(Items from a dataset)
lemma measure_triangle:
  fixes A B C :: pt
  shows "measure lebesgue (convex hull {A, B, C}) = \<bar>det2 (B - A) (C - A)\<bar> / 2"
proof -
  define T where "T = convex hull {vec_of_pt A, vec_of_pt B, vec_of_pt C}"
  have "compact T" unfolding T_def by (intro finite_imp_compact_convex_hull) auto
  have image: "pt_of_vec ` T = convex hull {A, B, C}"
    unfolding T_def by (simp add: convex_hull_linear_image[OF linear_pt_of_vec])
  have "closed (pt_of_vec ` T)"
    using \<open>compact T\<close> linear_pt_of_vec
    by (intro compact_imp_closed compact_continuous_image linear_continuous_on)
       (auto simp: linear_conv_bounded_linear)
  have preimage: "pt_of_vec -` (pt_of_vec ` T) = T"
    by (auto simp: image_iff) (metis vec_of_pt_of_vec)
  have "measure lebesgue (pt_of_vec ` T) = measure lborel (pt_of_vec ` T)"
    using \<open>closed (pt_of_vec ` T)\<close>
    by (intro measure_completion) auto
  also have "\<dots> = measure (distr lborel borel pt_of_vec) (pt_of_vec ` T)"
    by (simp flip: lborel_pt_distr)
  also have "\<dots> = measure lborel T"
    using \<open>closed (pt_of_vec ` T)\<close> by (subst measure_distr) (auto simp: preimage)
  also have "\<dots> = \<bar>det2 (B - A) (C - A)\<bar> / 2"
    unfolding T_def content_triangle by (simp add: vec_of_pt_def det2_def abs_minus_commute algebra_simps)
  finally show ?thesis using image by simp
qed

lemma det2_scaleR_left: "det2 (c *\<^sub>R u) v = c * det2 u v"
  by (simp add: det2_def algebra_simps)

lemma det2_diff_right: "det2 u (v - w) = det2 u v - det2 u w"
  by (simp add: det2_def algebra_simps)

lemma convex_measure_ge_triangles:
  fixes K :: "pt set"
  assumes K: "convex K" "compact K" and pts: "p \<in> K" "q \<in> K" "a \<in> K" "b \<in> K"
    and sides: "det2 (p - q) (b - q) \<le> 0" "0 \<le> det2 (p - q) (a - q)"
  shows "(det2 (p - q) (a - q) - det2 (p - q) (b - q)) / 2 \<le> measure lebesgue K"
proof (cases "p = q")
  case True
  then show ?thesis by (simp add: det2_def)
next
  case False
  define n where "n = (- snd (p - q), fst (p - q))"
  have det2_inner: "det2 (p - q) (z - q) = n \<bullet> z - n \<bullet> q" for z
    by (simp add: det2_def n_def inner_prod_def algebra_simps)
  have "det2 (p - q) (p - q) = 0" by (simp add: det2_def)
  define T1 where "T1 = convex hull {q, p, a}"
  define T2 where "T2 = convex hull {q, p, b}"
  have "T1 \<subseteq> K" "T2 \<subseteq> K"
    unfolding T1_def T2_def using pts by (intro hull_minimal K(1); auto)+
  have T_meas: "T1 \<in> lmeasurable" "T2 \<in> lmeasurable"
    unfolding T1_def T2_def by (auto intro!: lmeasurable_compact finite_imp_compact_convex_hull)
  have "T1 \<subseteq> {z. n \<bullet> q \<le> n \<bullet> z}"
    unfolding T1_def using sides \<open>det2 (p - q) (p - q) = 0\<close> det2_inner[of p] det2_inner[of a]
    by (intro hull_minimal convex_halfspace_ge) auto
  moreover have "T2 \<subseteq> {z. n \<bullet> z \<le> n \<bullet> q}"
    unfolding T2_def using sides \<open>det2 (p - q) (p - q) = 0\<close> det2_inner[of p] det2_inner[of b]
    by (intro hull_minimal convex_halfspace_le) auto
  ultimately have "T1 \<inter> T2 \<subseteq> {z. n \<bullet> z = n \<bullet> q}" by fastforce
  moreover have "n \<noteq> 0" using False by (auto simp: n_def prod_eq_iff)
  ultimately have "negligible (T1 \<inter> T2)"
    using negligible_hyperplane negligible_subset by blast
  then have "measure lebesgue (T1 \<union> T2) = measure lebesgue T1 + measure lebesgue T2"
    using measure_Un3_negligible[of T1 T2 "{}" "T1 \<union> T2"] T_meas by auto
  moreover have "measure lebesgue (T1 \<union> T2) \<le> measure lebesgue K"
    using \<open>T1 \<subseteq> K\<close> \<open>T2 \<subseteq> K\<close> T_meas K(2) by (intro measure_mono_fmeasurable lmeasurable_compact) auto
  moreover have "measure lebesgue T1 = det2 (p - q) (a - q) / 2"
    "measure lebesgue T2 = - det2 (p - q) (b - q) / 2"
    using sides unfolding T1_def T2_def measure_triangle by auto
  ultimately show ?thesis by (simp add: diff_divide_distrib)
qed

* * *

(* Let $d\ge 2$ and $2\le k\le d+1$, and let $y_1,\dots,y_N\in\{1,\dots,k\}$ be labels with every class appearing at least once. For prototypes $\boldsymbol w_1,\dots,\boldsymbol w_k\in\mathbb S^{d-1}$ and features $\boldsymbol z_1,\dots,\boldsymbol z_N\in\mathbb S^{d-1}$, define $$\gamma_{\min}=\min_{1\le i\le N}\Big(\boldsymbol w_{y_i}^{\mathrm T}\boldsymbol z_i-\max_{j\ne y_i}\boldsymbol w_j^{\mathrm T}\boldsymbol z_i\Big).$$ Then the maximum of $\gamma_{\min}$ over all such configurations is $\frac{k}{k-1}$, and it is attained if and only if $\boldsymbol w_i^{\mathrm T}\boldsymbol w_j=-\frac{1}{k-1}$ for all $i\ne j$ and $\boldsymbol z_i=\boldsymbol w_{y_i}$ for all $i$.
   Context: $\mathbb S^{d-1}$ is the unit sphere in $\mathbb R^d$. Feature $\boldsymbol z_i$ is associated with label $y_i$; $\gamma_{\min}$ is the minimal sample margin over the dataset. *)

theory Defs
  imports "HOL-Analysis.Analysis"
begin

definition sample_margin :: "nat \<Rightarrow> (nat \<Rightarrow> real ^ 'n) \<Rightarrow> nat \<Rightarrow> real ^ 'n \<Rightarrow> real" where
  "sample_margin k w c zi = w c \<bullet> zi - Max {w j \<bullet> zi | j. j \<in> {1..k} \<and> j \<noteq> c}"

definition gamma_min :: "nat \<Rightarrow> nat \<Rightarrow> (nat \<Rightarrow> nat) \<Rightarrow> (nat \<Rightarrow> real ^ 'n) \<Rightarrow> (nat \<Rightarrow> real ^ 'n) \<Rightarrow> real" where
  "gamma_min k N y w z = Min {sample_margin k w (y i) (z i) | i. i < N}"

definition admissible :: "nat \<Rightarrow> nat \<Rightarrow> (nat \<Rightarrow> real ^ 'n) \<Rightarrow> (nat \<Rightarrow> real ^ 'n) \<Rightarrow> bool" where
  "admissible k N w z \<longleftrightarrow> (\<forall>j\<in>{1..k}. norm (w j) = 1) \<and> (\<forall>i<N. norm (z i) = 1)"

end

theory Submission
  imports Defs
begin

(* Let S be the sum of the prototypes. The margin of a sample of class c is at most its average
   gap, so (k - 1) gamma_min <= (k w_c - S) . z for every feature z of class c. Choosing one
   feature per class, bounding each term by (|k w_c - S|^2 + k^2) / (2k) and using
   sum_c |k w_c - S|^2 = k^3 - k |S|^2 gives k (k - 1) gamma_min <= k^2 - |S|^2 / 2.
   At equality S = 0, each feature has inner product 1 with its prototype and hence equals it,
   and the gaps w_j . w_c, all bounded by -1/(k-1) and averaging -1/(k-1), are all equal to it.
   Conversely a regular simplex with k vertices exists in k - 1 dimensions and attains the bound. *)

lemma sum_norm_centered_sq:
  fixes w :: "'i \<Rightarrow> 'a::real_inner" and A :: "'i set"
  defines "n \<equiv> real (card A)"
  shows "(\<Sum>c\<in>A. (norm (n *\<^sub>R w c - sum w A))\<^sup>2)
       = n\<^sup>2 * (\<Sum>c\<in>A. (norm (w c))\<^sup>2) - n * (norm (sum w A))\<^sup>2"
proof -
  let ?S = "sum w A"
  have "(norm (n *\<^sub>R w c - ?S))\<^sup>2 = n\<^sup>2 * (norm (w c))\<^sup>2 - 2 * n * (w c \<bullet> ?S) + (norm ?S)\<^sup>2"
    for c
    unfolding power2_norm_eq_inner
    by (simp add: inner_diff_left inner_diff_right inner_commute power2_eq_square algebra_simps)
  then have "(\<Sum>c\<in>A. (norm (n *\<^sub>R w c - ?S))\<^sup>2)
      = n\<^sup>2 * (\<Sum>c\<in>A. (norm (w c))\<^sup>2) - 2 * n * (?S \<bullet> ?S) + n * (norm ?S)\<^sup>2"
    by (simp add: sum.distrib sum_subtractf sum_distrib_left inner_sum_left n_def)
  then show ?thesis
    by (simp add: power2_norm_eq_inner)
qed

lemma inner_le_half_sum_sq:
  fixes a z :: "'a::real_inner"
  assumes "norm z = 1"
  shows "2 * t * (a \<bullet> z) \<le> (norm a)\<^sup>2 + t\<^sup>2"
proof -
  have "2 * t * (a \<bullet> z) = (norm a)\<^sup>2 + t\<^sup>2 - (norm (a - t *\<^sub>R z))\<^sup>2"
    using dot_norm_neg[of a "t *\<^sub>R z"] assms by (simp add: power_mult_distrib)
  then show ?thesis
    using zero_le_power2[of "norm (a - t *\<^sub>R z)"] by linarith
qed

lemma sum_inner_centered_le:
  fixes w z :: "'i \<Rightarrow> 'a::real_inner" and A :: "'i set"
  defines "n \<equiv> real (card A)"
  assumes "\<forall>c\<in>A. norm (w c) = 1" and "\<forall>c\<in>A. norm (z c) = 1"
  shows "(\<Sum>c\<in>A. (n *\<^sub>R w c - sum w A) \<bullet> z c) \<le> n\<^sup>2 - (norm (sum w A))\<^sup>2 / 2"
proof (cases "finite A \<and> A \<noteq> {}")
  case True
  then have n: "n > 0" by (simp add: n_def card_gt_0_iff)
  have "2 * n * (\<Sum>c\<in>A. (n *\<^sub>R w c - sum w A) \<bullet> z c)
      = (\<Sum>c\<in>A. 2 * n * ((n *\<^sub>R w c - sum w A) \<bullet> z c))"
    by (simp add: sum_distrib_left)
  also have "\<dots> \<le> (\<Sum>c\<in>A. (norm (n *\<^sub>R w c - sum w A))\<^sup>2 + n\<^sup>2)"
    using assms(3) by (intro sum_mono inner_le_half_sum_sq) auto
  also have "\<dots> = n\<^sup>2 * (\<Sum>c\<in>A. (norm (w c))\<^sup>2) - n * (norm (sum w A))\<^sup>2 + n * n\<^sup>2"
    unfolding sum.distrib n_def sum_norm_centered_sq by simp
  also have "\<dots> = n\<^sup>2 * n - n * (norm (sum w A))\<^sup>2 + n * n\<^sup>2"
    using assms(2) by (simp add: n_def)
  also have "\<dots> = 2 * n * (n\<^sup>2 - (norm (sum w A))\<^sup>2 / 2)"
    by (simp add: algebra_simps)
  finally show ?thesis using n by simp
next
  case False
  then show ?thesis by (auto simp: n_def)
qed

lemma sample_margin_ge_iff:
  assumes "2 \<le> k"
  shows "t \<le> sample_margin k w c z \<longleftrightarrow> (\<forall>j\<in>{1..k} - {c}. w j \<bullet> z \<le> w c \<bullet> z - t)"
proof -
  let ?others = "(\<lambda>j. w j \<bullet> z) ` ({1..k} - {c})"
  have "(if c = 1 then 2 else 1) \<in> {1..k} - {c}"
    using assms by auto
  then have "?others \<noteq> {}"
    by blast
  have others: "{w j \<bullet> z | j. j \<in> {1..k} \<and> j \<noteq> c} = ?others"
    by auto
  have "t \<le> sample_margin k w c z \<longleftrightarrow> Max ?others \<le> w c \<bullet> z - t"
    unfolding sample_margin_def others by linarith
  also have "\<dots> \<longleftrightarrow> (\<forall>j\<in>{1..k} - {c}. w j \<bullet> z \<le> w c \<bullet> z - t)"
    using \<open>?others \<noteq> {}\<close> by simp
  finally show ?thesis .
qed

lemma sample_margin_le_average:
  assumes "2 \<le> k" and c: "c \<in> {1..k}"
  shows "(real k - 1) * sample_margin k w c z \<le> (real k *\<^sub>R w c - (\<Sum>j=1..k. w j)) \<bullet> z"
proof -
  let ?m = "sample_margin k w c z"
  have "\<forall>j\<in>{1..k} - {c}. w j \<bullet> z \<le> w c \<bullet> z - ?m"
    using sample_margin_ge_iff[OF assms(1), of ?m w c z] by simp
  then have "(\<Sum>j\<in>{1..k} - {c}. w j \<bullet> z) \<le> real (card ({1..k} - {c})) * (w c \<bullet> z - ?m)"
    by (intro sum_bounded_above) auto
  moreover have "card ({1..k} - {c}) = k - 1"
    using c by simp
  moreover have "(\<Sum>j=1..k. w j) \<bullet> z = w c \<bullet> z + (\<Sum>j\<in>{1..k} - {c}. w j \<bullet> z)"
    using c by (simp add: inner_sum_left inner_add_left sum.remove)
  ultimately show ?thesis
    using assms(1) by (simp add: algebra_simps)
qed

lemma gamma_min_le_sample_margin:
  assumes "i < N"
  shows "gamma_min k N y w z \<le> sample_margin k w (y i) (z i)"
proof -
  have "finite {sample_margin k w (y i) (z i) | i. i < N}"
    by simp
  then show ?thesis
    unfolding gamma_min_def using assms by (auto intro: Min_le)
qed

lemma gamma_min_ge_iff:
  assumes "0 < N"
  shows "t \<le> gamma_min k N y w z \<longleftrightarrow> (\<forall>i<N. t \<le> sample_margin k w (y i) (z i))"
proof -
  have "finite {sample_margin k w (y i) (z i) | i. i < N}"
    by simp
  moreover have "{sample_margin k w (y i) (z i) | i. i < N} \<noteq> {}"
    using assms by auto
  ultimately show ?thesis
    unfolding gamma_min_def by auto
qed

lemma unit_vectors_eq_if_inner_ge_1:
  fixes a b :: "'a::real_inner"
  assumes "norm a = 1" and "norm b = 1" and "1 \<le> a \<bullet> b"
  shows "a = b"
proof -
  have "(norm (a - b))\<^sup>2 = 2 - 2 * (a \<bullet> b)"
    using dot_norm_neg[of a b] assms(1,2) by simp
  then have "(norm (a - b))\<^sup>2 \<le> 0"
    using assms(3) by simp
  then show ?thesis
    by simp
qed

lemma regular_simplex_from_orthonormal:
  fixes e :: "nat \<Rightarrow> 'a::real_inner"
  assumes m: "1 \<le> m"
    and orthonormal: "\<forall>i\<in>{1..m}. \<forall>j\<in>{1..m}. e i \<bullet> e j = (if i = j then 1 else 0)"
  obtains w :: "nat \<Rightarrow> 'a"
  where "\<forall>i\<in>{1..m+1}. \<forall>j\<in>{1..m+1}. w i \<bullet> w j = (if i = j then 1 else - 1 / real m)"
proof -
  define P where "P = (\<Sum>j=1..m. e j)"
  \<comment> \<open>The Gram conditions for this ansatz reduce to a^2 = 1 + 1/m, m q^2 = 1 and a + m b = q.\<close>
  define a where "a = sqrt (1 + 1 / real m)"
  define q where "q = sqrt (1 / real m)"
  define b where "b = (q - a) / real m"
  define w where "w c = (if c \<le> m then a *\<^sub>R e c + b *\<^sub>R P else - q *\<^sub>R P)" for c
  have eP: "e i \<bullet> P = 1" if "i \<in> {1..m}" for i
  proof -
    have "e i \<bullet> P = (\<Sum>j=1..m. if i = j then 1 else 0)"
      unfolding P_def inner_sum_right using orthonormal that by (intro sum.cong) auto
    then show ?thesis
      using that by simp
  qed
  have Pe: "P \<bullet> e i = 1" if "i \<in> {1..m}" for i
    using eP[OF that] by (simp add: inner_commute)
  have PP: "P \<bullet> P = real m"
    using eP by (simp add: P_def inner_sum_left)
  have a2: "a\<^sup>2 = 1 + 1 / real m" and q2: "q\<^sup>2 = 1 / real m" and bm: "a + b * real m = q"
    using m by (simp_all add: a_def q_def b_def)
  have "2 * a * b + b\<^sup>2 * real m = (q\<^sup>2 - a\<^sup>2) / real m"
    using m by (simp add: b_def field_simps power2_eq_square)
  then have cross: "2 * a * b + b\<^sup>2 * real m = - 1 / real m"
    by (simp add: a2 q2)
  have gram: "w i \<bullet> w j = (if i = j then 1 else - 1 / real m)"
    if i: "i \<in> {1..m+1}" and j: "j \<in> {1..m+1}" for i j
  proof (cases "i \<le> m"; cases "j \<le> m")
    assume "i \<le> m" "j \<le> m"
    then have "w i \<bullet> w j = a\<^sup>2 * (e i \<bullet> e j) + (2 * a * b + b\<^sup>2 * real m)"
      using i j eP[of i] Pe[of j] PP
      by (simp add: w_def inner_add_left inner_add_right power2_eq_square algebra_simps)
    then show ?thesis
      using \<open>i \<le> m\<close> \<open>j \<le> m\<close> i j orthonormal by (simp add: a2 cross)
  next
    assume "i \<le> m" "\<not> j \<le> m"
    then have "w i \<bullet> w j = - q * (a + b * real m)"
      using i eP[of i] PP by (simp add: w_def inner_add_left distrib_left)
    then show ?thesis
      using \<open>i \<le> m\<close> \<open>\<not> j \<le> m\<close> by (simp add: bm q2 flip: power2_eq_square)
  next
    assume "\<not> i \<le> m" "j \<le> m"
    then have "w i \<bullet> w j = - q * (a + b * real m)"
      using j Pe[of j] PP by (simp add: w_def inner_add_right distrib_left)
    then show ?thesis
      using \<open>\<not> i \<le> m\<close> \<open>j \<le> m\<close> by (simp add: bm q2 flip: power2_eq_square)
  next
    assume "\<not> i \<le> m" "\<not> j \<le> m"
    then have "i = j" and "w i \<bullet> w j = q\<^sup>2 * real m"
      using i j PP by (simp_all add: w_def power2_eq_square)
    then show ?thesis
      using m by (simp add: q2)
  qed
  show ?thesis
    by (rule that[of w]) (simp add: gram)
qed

* * *

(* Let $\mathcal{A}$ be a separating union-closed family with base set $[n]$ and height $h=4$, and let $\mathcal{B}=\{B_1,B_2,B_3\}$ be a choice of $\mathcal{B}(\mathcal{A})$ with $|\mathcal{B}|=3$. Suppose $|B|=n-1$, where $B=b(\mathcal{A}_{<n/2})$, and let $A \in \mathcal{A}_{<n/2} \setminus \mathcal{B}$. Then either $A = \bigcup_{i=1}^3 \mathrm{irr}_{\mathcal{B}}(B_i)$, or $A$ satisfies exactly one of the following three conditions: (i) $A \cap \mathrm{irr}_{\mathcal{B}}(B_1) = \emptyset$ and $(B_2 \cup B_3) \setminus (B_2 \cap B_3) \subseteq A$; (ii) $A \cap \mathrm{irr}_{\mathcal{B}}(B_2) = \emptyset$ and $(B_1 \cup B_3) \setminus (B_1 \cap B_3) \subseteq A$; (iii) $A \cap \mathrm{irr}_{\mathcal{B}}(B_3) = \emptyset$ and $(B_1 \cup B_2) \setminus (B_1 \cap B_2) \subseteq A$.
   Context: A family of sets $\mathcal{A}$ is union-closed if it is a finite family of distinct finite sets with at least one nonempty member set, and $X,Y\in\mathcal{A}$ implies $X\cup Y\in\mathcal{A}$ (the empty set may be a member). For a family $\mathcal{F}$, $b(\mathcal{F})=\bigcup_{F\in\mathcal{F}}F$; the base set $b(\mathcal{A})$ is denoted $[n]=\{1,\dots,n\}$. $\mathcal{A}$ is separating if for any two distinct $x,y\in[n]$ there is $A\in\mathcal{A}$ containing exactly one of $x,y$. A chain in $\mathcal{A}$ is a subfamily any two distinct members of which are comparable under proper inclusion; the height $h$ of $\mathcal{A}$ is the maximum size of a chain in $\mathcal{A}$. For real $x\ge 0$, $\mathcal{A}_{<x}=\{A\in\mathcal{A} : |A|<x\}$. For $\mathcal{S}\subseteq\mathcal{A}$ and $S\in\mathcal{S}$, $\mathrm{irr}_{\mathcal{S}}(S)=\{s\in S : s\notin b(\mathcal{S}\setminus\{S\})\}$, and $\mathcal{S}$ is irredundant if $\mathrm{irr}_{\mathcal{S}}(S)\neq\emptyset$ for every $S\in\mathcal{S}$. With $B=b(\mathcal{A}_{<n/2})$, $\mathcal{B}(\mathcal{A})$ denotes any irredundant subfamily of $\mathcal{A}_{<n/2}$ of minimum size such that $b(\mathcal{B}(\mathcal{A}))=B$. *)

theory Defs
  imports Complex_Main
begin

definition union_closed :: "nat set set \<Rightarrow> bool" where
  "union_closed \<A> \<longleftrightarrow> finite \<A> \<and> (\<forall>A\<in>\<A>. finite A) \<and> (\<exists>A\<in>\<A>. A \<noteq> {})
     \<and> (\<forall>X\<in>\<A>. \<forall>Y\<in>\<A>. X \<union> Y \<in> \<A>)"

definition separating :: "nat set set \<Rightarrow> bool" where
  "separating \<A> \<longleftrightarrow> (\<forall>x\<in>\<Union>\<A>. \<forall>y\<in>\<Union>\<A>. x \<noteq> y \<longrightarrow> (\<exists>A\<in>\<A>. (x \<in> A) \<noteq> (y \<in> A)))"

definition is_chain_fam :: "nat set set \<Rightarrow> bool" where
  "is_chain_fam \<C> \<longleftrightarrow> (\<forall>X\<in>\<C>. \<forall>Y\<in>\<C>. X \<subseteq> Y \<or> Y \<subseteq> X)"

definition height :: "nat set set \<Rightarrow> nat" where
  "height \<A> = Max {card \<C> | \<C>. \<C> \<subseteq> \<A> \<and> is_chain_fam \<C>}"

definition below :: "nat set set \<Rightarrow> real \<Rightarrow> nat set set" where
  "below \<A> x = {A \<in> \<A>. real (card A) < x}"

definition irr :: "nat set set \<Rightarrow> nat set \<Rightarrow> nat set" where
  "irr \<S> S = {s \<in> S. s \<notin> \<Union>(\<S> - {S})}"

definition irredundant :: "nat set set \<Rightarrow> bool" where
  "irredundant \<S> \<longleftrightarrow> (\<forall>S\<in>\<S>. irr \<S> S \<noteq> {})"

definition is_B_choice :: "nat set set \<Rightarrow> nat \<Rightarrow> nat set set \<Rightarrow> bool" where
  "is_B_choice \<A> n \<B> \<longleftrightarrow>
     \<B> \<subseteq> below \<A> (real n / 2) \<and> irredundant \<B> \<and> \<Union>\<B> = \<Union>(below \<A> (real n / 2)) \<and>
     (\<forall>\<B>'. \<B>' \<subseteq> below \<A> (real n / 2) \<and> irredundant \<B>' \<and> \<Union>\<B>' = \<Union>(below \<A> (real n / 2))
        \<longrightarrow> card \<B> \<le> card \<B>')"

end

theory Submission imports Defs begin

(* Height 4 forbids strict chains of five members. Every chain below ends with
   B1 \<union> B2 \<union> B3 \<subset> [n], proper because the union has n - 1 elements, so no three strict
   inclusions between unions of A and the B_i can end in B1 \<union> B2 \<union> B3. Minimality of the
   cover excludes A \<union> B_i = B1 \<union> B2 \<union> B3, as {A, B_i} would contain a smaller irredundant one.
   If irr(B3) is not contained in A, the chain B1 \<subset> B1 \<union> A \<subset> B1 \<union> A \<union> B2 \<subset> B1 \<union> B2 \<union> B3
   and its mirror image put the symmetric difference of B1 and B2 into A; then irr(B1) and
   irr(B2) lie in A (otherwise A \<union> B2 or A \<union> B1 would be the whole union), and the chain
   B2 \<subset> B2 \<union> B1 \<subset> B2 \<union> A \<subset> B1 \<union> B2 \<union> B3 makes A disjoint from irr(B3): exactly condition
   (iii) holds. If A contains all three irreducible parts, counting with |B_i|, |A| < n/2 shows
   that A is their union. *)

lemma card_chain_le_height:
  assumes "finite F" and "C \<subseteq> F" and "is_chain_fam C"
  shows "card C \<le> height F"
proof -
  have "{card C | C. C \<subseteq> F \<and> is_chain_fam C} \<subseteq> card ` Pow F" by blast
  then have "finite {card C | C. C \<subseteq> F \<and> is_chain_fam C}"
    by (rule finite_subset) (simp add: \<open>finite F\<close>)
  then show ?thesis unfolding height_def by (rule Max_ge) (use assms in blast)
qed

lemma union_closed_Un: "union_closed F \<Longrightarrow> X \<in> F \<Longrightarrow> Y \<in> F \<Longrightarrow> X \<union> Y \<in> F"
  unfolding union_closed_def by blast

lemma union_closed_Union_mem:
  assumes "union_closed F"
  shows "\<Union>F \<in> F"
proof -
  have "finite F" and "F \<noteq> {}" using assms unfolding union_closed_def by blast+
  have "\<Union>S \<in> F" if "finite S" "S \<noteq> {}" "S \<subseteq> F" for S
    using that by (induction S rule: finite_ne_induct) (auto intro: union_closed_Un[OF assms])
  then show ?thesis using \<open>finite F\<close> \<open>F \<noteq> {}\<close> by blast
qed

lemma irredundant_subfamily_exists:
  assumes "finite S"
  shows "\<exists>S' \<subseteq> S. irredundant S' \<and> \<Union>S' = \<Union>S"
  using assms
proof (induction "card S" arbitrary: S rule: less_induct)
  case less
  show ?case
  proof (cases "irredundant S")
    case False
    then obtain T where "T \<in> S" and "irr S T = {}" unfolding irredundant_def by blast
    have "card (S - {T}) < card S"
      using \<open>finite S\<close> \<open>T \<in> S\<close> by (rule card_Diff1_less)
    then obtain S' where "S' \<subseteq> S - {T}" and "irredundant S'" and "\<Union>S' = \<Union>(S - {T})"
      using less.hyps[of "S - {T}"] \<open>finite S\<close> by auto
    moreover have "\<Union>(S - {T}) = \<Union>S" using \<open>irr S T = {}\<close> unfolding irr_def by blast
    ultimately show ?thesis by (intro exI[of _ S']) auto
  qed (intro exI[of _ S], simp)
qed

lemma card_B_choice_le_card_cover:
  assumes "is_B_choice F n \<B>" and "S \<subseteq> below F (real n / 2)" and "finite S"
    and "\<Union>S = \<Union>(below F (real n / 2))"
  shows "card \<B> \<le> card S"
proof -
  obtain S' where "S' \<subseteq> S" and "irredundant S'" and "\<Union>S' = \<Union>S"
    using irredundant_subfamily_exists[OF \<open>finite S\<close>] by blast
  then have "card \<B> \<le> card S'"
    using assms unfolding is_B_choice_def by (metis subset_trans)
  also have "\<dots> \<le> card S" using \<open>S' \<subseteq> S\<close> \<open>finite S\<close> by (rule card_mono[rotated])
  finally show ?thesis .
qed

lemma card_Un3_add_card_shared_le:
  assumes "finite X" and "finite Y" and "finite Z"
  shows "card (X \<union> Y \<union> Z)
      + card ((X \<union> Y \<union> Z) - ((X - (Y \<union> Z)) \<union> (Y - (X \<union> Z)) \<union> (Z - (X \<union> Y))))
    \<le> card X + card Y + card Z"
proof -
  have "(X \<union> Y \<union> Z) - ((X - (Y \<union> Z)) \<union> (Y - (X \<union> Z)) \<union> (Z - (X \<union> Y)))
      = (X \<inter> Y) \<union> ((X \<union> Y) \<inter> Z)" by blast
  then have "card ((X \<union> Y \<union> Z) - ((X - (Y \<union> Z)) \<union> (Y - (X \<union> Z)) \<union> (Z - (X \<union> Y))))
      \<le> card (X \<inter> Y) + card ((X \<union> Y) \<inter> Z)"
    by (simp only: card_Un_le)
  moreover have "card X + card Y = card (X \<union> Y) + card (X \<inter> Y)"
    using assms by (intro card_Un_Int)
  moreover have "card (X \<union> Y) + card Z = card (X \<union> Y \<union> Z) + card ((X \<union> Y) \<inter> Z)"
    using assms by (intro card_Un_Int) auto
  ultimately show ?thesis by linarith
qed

### About this task
Scan the preceding records for lines with the word "sqrt". Say how many there are and nothing else.

### Response below
2